Organic Chemistry CHE111 - Bonding and Structure

Study Notes

Course Overview: Organic chemistry (CHE111) focuses on carbon-containing components derived from living beings or organic matter.
Grading:
- Attendance: 20%
- Course activities (quizzes, assignments, presentations): 30%
- Lab: 10%
- Midterm exam: 40%
- Final exam: 100%
- Passing grade: 60% overall, 30% on the final.

Letter Grades:
- A+: > 97% - 4 points
- A: 93% - 97% - 4 points
- A-: 89% - 93% - 3.7 points
- B+: 84% - 89% - 3.3 points
- B: 80% -84% - 3.0 points
- B-: 76% - 80% - 2.7 points
- C+: 73% -76% - 2.3 points
- C: 70% - 73% - 2.0 points
- C-: 67% - 70% - 1.7 points
- D+: 64% - 67% - 1.3 points
- D: 60% - 64% - 1.0 points
- F: <60% - 0.0 points

Organic Chemistry (11th Edition) by Francis Carey and Robert Giuliano, Neil Allison and Susan Bane.
Introduction to Organic Chemistry (4th Edition) by William Brown and Thomas Poon.
Organic Chemistry (9th Edition) by T.W. Graham Solomons and Craig B. Fryhle.

Historically, organic chemistry focused on compounds from living things, believing a "vital force" was necessary for their creation.
Friedrich Wöhler's 1828 synthesis of urea challenged this, demonstrating inorganic compounds could produce organic molecules.
Today, organic chemistry studies carbon-containing compounds, vital in life processes and countless materials.

Oil is a complex mixture of hydrocarbons formed from the breakdown of dead creatures and plants over millions of years.
Crude Oil: This oil is complex and not useful in its raw form. It must be separated into simpler mixtures.
Fractional Distillation: This process separates crude oil into simpler products based on their varying boiling points.
Carbon compounds are present in food, flavors, medicines, cosmetics, plastics, fibers, paints, and in living things (DNA, proteins).
The nature of carbon bonding contributes greatly to its diversity.

Forms strong covalent bonds with other carbons and other elements like hydrogen, nitrogen, and oxygen.
Can form chains and rings, creating a huge variety of structures.

Elements/Compounds: Pure substances comprise either elements (containing a single atom type) or compounds (containing two or more atom types).
Atoms: The smallest unit of an ordinary matter. Consists of a nucleus (protons and neutrons) and surrounding electrons.
Electrostatic Force: Keeps negatively-charged electrons around the positively-charged nucleus.
Atomic Number: The number of protons in an atom's nucleus, defining the element.
Mass Number: The total number of protons and neutrons in an atom's nucleus.
Isotopes: Atoms of the same element with a different number of neutrons.
Electron Cloud: The electrons occupy space likely to be found in orbitals around the nucleus. The electrons contribute negligible mass to the volume of an atom.
Energy Levels/Shells: Electrons are organized in specific regions of space.
Atomic Orbitals: Mathematical functions that define where an electron is likely to be found.
Valence Electrons: The electrons in the outermost energy shell, most active in chemical reactions. Knowing the element's group number in the periodic table indicates the number of valence electrons.

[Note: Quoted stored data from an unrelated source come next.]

(* Let $(\Omega,\Sigma,\mu;\phi)$ be a bimeasurable measure preserving dynamical system such that for every $A\in\Sigma$ the sequence $(\phi^n(A))_{n\in\mathbb{N}}$ converges in the measure algebra $\Sigma/\sim$. Then $\Sigma_\infty\subseteq\overline{\Sigma_{\mathrm{inv}}}$.
   Context: A measure preserving dynamical system $(\Omega,\Sigma,\mu;\phi)$ is a probability space with a measurable map $\phi\colon\Omega\to\Omega$ such that $\mu(\phi^{-1}(A))=\mu(A)$ for all $A\in\Sigma$; it is bimeasurable if $\phi^{-1}(A),\phi(A)\in\Sigma$ for all $A\in\Sigma$. $A\sim B$ iff $\mu(A\triangle B)=0$; $\Sigma/\sim$ is the set of equivalence classes with metric $d(A,B)=\mu(A\triangle B)$. $\Sigma_n=\{\phi^{-n}(A):A\in\Sigma\}$, $\Sigma_\infty=\bigcap_{n\in\mathbb{N}}\Sigma_n$, $\Sigma_{\mathrm{inv}}=\{A\in\Sigma:\phi^{-1}(A)=A\}$, and $\overline{\Sigma_{\mathrm{inv}}}=\{A\in\Sigma:\exists B\in\Sigma_{\mathrm{inv}},\ \mu(A\triangle B)=0\}$. *)

theory Defs
  imports "HOL-Probability.Probability"
begin

definition mpds :: "'a measure \<Rightarrow> ('a \<Rightarrow> 'a) \<Rightarrow> bool" where
  "mpds M \<phi> \<longleftrightarrow> prob_space M \<and> \<phi> \<in> measurable M M \<and>
     (\<forall>A\<in>sets M. emeasure M (\<phi> -` A \<inter> space M) = emeasure M A)"

definition bimeasurable :: "'a measure \<Rightarrow> ('a \<Rightarrow> 'a) \<Rightarrow> bool" where
  "bimeasurable M \<phi> \<longleftrightarrow> (\<forall>A\<in>sets M. \<phi> -` A \<inter> space M \<in> sets M \<and> \<phi> ` A \<in> sets M)"

definition symdiff :: "'a set \<Rightarrow> 'a set \<Rightarrow> 'a set" where
  "symdiff A B = (A - B) \<union> (B - A)"

text \<open>Convergence in the measure algebra Sigma/~ with metric d(A,B) = mu(A symdiff B).\<close>
definition converges_measure_algebra :: "'a measure \<Rightarrow> (nat \<Rightarrow> 'a set) \<Rightarrow> bool" where
  "converges_measure_algebra M S \<longleftrightarrow>
     (\<exists>B\<in>sets M. (\<lambda>n. measure M (symdiff (S n) B)) \<longlonglongrightarrow> 0)"

definition Sigma_n :: "'a measure \<Rightarrow> ('a \<Rightarrow> 'a) \<Rightarrow> nat \<Rightarrow> 'a set set" where
  "Sigma_n M \<phi> n = {(\<phi> ^^ n) -` A \<inter> space M | A. A \<in> sets M}"

definition Sigma_infty :: "'a measure \<Rightarrow> ('a \<Rightarrow> 'a) \<Rightarrow> 'a set set" where
  "Sigma_infty M \<phi> = (\<Inter>n. Sigma_n M \<phi> n)"

definition Sigma_inv :: "'a measure \<Rightarrow> ('a \<Rightarrow> 'a) \<Rightarrow> 'a set set" where
  "Sigma_inv M \<phi> = {A \<in> sets M. \<phi> -` A \<inter> space M = A}"

definition Sigma_inv_closure :: "'a measure \<Rightarrow> ('a \<Rightarrow> 'a) \<Rightarrow> 'a set set" where
  "Sigma_inv_closure M \<phi> = {A \<in> sets M. \<exists>B\<in>Sigma_inv M \<phi>. measure M (symdiff A B) = 0}"

end

theory Submission
  imports Defs
begin

text \<open>Write \<open>\<phi>\<^sup>-\<^sup>n\<close> for pulling sets back along \<open>\<phi> ^^ n\<close> and \<open>I\<^sub>n = \<phi>\<^sup>n(A)\<close>.
  For \<open>A \<in> \<Sigma>\<^sub>\<infinity>\<close> one has \<open>\<phi>\<^sup>-\<^sup>n(I\<^sub>n) = A\<close>, hence \<open>\<phi>\<^sup>-\<^sup>1(I\<^sub>n\<^sub>+\<^sub>1) = I\<^sub>n\<close> up to a null set,
  because \<open>\<phi>\<^sup>-\<^sup>n\<close> is an isometry of the measure algebra. Passing to the limit \<open>C\<close> of \<open>I\<^sub>n\<close>
  gives \<open>\<phi>\<^sup>-\<^sup>1(C) \<sim> C\<close>, and then \<open>d(A, C) \<le> d(A, \<phi>\<^sup>-\<^sup>n C) + d(\<phi>\<^sup>-\<^sup>n C, C) = d(I\<^sub>n, C) \<longrightarrow> 0\<close>.
  Finally the almost invariant set \<open>C\<close> differs by a null set from the invariant set of
  points whose orbit eventually stays in \<open>C\<close>.\<close>

definition ma_dist :: "'a measure \<Rightarrow> 'a set \<Rightarrow> 'a set \<Rightarrow> real" where
  "ma_dist M X Y = measure M (symdiff X Y)"

lemma sets_symdiff: "X \<in> sets M \<Longrightarrow> Y \<in> sets M \<Longrightarrow> symdiff X Y \<in> sets M"
  unfolding symdiff_def by auto

lemma ma_dist_nonneg: "0 \<le> ma_dist M X Y"
  by (simp add: ma_dist_def)

lemma ma_dist_commute: "ma_dist M X Y = ma_dist M Y X"
  by (simp add: ma_dist_def symdiff_def Un_commute)

lemma ma_dist_self: "ma_dist M X X = 0"
  by (simp add: ma_dist_def symdiff_def)

lemma ma_dist_eq_0_if_le_null_sequence:
  assumes "\<And>n. ma_dist M X Y \<le> f n" and "f \<longlonglongrightarrow> 0"
  shows "ma_dist M X Y = 0"
  using LIMSEQ_le_const[OF assms(2)] assms(1) ma_dist_nonneg by (meson antisym)

lemma (in finite_measure) ma_dist_triangle:
  assumes "X \<in> sets M" "Y \<in> sets M" "Z \<in> sets M"
  shows "ma_dist M X Z \<le> ma_dist M X Y + ma_dist M Y Z"
proof -
  have "measure M (symdiff X Z) \<le> measure M (symdiff X Y \<union> symdiff Y Z)"
    by (rule finite_measure_mono) (auto simp: symdiff_def intro: assms)
  also have "\<dots> \<le> measure M (symdiff X Y) + measure M (symdiff Y Z)"
    by (rule measure_subadditive) (auto intro: sets_symdiff assms)
  finally show ?thesis
    unfolding ma_dist_def .
qed

lemma (in finite_measure) ma_dist_eq_0_trans:
  assumes "X \<in> sets M" "Y \<in> sets M" "Z \<in> sets M" "ma_dist M X Y = 0" "ma_dist M Y Z = 0"
  shows "ma_dist M X Z = 0"
  using ma_dist_triangle[OF assms(1-3)] assms(4,5) ma_dist_nonneg by (metis add_0 antisym)

lemma (in finite_measure) ma_dist_eq_0_iff_null_set:
  "X \<in> sets M \<Longrightarrow> Y \<in> sets M \<Longrightarrow> ma_dist M X Y = 0 \<longleftrightarrow> symdiff X Y \<in> null_sets M"
  by (simp add: ma_dist_def emeasure_eq_measure null_sets_def sets_symdiff)

lemma sets_image_funpow:
  assumes "bimeasurable M \<phi>" and "A \<in> sets M"
  shows "(\<phi> ^^ n) ` A \<in> sets M"
proof (induction n)
  case 0
  then show ?case using assms(2) by simp
next
  case (Suc n)
  have "(\<phi> ^^ Suc n) ` A = \<phi> ` ((\<phi> ^^ n) ` A)"
    by (simp add: image_comp)
  then show ?case
    using Suc assms(1) unfolding bimeasurable_def by auto
qed

locale measure_preserving_map = finite_measure M for M :: "'a measure" +
  fixes \<phi> :: "'a \<Rightarrow> 'a"
  assumes measurable_map: "\<phi> \<in> M \<rightarrow>\<^sub>M M"
    and emeasure_vimage: "\<And>A. A \<in> sets M \<Longrightarrow> emeasure M (\<phi> -` A \<inter> space M) = emeasure M A"
begin

definition pull :: "nat \<Rightarrow> 'a set \<Rightarrow> 'a set" where
  "pull n X = (\<phi> ^^ n) -` X \<inter> space M"

lemma measurable_funpow: "\<phi> ^^ n \<in> M \<rightarrow>\<^sub>M M"
proof (induction n)
  case (Suc n)
  then show ?case
    using measurable_comp[OF Suc measurable_map] by (simp add: comp_def)
qed simp

lemma sets_pull: "X \<in> sets M \<Longrightarrow> pull n X \<in> sets M"
  unfolding pull_def using measurable_funpow by (rule measurable_sets)

lemma pull_0: "X \<in> sets M \<Longrightarrow> pull 0 X = X"
  using sets.sets_into_space by (auto simp: pull_def)

lemma pull_Suc: "pull (Suc n) X = pull n (\<phi> -` X \<inter> space M)"
  using measurable_space[OF measurable_funpow]
  by (auto simp: pull_def funpow_Suc_right)

lemma pull_symdiff: "pull n (symdiff X Y) = symdiff (pull n X) (pull n Y)"
  by (auto simp: pull_def symdiff_def)

lemma measure_pull: "X \<in> sets M \<Longrightarrow> measure M (pull n X) = measure M X"
proof (induction n arbitrary: X)
  case 0
  then show ?case by (simp add: pull_0)
next
  case (Suc n)
  have "measure M (pull (Suc n) X) = measure M (\<phi> -` X \<inter> space M)"
    using Suc.IH[OF measurable_sets[OF measurable_map Suc.prems]] by (simp add: pull_Suc)
  also have "\<dots> = measure M X"
    using emeasure_vimage[OF Suc.prems] by (simp add: measure_def)
  finally show ?case .
qed

lemma ma_dist_pull: "X \<in> sets M \<Longrightarrow> Y \<in> sets M \<Longrightarrow> ma_dist M (pull n X) (pull n Y) = ma_dist M X Y"
  by (simp add: ma_dist_def pull_symdiff[symmetric] measure_pull sets_symdiff)

lemma ma_dist_pull_eq_0:
  assumes "C \<in> sets M" and "ma_dist M (\<phi> -` C \<inter> space M) C = 0"
  shows "ma_dist M (pull n C) C = 0"
proof (induction n)
  case 0
  then show ?case by (simp add: pull_0 assms(1) ma_dist_self)
next
  case (Suc n)
  have "ma_dist M (pull (Suc n) C) (pull n C) = 0"
    using assms ma_dist_pull[of "\<phi> -` C \<inter> space M" C n] measurable_sets[OF measurable_map]
    by (simp add: pull_Suc)
  then show ?case
    using Suc assms(1) ma_dist_eq_0_trans sets_pull by blast
qed

lemma almost_invariant_imp_ex_invariant:
  assumes C: "C \<in> sets M" and "ma_dist M (\<phi> -` C \<inter> space M) C = 0"
  shows "\<exists>D\<in>Sigma_inv M \<phi>. ma_dist M C D = 0"
proof
  define D where "D = {x \<in> space M. eventually (\<lambda>n. (\<phi> ^^ n) x \<in> C) sequentially}"
  have "D = (\<Union>m. \<Inter>n\<in>{m..}. pull n C)"
    by (auto simp: D_def pull_def eventually_sequentially)
  then have D_sets: "D \<in> sets M"
    by (auto intro: sets_pull C)
  have "eventually (\<lambda>n. (\<phi> ^^ n) (\<phi> x) \<in> C) sequentially
      \<longleftrightarrow> eventually (\<lambda>n. (\<phi> ^^ n) x \<in> C) sequentially" for x
    using eventually_sequentially_Suc[of "\<lambda>n. (\<phi> ^^ n) x \<in> C"]
    by (simp only: funpow_Suc_right comp_apply)
  then have "\<phi> -` D \<inter> space M = D"
    using measurable_space[OF measurable_map] by (auto simp: D_def)
  then show "D \<in> Sigma_inv M \<phi>"
    using D_sets by (simp add: Sigma_inv_def)
  have "symdiff C D \<subseteq> (\<Union>n. symdiff (pull n C) C)"
    using sets.sets_into_space[OF C]
    by (auto simp: symdiff_def D_def pull_def eventually_sequentially)
  moreover have "(\<Union>n. symdiff (pull n C) C) \<in> null_sets M"
    using ma_dist_pull_eq_0[OF assms] C
    by (intro null_sets_UN) (simp add: ma_dist_eq_0_iff_null_set sets_pull)
  ultimately show "ma_dist M C D = 0"
    using C D_sets by (simp add: ma_dist_eq_0_iff_null_set null_sets_subset sets_symdiff)
qed

lemma ma_dist_vimage:
  "X \<in> sets M \<Longrightarrow> Y \<in> sets M \<Longrightarrow> ma_dist M (\<phi> -` X \<inter> space M) (\<phi> -` Y \<inter> space M) = ma_dist M X Y"
  using ma_dist_pull[of X Y 1] by (simp add: pull_def)

lemma pull_image_pull: "pull n ((\<phi> ^^ n) ` pull n B) = pull n B"
  by (auto simp: pull_def)

lemma Sigma_infty_eq_pull_image:
  assumes "A \<in> Sigma_infty M \<phi>"
  shows "pull n ((\<phi> ^^ n) ` A) = A"
proof -
  obtain B where "A = pull n B"
    using assms unfolding Sigma_infty_def Sigma_n_def pull_def by blast
  then show ?thesis
    by (simp add: pull_image_pull)
qed

lemma Sigma_infty_sets: "A \<in> Sigma_infty M \<phi> \<Longrightarrow> A \<in> sets M"
  by (auto simp: Sigma_infty_def Sigma_n_def intro: measurable_sets[OF measurable_funpow])

lemma limit_of_pushforwards_almost_invariant:
  assumes I: "\<And>n. I n \<in> sets M" and pull_I: "\<And>n. pull n (I n) = A"
    and C: "C \<in> sets M" and lim: "(\<lambda>n. ma_dist M (I n) C) \<longlonglongrightarrow> 0"
  shows "ma_dist M (\<phi> -` C \<inter> space M) C = 0"
proof (rule ma_dist_eq_0_if_le_null_sequence)
  show "(\<lambda>n. ma_dist M (I (Suc n)) C + ma_dist M (I n) C) \<longlonglongrightarrow> 0"
    using tendsto_add[OF LIMSEQ_Suc[OF lim] lim] by simp
next
  fix n
  let ?pre = "\<lambda>X. \<phi> -` X \<inter> space M"
  have pre_sets: "?pre X \<in> sets M" if "X \<in> sets M" for X
    using measurable_sets[OF measurable_map that] .
  \<comment> \<open>\<open>\<phi>\<^sup>-\<^sup>1(I\<^sub>n\<^sub>+\<^sub>1)\<close> and \<open>I\<^sub>n\<close> have the same image \<open>A\<close> under the isometry \<open>pull n\<close>.\<close>
  have "ma_dist M (pull n (?pre (I (Suc n)))) (pull n (I n)) = 0"
    using pull_I[of "Suc n"] pull_I[of n] by (simp add: pull_Suc ma_dist_self)
  then have shift: "ma_dist M (?pre (I (Suc n))) (I n) = 0"
    using ma_dist_pull I pre_sets by metis
  have "ma_dist M (?pre C) C \<le> ma_dist M (?pre C) (?pre (I (Suc n))) + ma_dist M (?pre (I (Suc n))) C"
    by (intro ma_dist_triangle pre_sets C I)
  also have "ma_dist M (?pre (I (Suc n))) C \<le> ma_dist M (?pre (I (Suc n))) (I n) + ma_dist M (I n) C"
    by (intro ma_dist_triangle pre_sets C I)
  finally show "ma_dist M (?pre C) C \<le> ma_dist M (I (Suc n)) C + ma_dist M (I n) C"
    using shift C I by (simp add: ma_dist_vimage ma_dist_commute)
qed

lemma limit_of_pushforwards_Sigma_inv_closure:
  assumes I: "\<And>n. I n \<in> sets M" and pull_I: "\<And>n. pull n (I n) = A"
    and C: "C \<in> sets M" and lim: "(\<lambda>n. ma_dist M (I n) C) \<longlonglongrightarrow> 0"
  shows "A \<in> Sigma_inv_closure M \<phi>"
proof -
  have A: "A \<in> sets M"
    using pull_I[of 0] sets_pull[OF I] by metis
  have almost_inv: "ma_dist M (\<phi> -` C \<inter> space M) C = 0"
    using assms by (rule limit_of_pushforwards_almost_invariant)
  have "ma_dist M A C = 0"
  proof (rule ma_dist_eq_0_if_le_null_sequence[OF _ lim])
    fix n
    have "ma_dist M A C \<le> ma_dist M A (pull n C) + ma_dist M (pull n C) C"
      using A C sets_pull by (intro ma_dist_triangle)
    moreover have "ma_dist M A (pull n C) = ma_dist M (I n) C"
      using ma_dist_pull[OF I[of n] C, of n] pull_I[of n] by simp
    ultimately show "ma_dist M A C \<le> ma_dist M (I n) C"
      using ma_dist_pull_eq_0[OF C almost_inv, of n] by simp
  qed
  moreover obtain D where D: "D \<in> Sigma_inv M \<phi>" "ma_dist M C D = 0"
    using almost_invariant_imp_ex_invariant[OF C almost_inv] by blast
  moreover have "D \<in> sets M"
    using D(1) by (simp add: Sigma_inv_def)
  ultimately have "ma_dist M A D = 0"
    using A C by (blast intro: ma_dist_eq_0_trans)
  then show ?thesis
    using A D(1) unfolding Sigma_inv_closure_def ma_dist_def by blast
qed

end

lemma mpds_imp_measure_preserving_map: "mpds M \<phi> \<Longrightarrow> measure_preserving_map M \<phi>"
  unfolding mpds_def measure_preserving_map_def measure_preserving_map_axioms_def
  by (auto simp: prob_space_def)

theorem lemma3p4:
  fixes M :: "'a measure" and \<phi> :: "'a \<Rightarrow> 'a"
  assumes "mpds M \<phi>"
    and "bimeasurable M \<phi>"
    and "\<forall>A\<in>sets M. converges_measure_algebra M (\<lambda>n. (\<phi> ^^ n) ` A)"
  shows "Sigma_infty M \<phi> \<subseteq> Sigma_inv_closure M \<phi>"
proof
  interpret measure_preserving_map M \<phi>
    using assms(1) by (rule mpds_imp_measure_preserving_map)
  fix A assume A: "A \<in> Sigma_infty M \<phi>"
  then have A_sets: "A \<in> sets M"
    by (rule Sigma_infty_sets)
  obtain C where "C \<in> sets M" "(\<lambda>n. ma_dist M ((\<phi> ^^ n) ` A) C) \<longlonglongrightarrow> 0"
    using assms(3) A_sets by (auto simp: converges_measure_algebra_def ma_dist_def)
  then show "A \<in> Sigma_inv_closure M \<phi>"
    using sets_image_funpow[OF assms(2) A_sets] Sigma_infty_eq_pull_image[OF A]
    by (rule limit_of_pushforwards_Sigma_inv_closure[rotated 2])
qed

end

Formula Weight: The sum of the atomic weights of an element or molecule calculated in atomic mass units (amu).
Avogadro's Number (NA): 6.022 × 10²³ - The number of objects (atoms, molecules, ions) in one mole of a substance.
Mole: A unit of measurement representing the amount of a substance. A mole of anything contains Avogadro's number of objects.
Molar Mass: The mass of one mole of a substance. Equal numerically to the substance's formula weight in atomic mass units.

Empirical formula: Shows the simplest whole-number ratio of elements in a compound.
Molecular formula: Shows the exact number of atoms of each element in a molecule.
Calculating the molecular formula from the empirical formula requires knowing the molecular weight. The molecular formula is a whole number multiple of the empirical formula.

Organic compounds containing carbon and hydrogen, when completely combusted, produce CO₂ and H₂O. The masses of CO₂ and H₂O provide data for the number of C and H atoms in the original compound.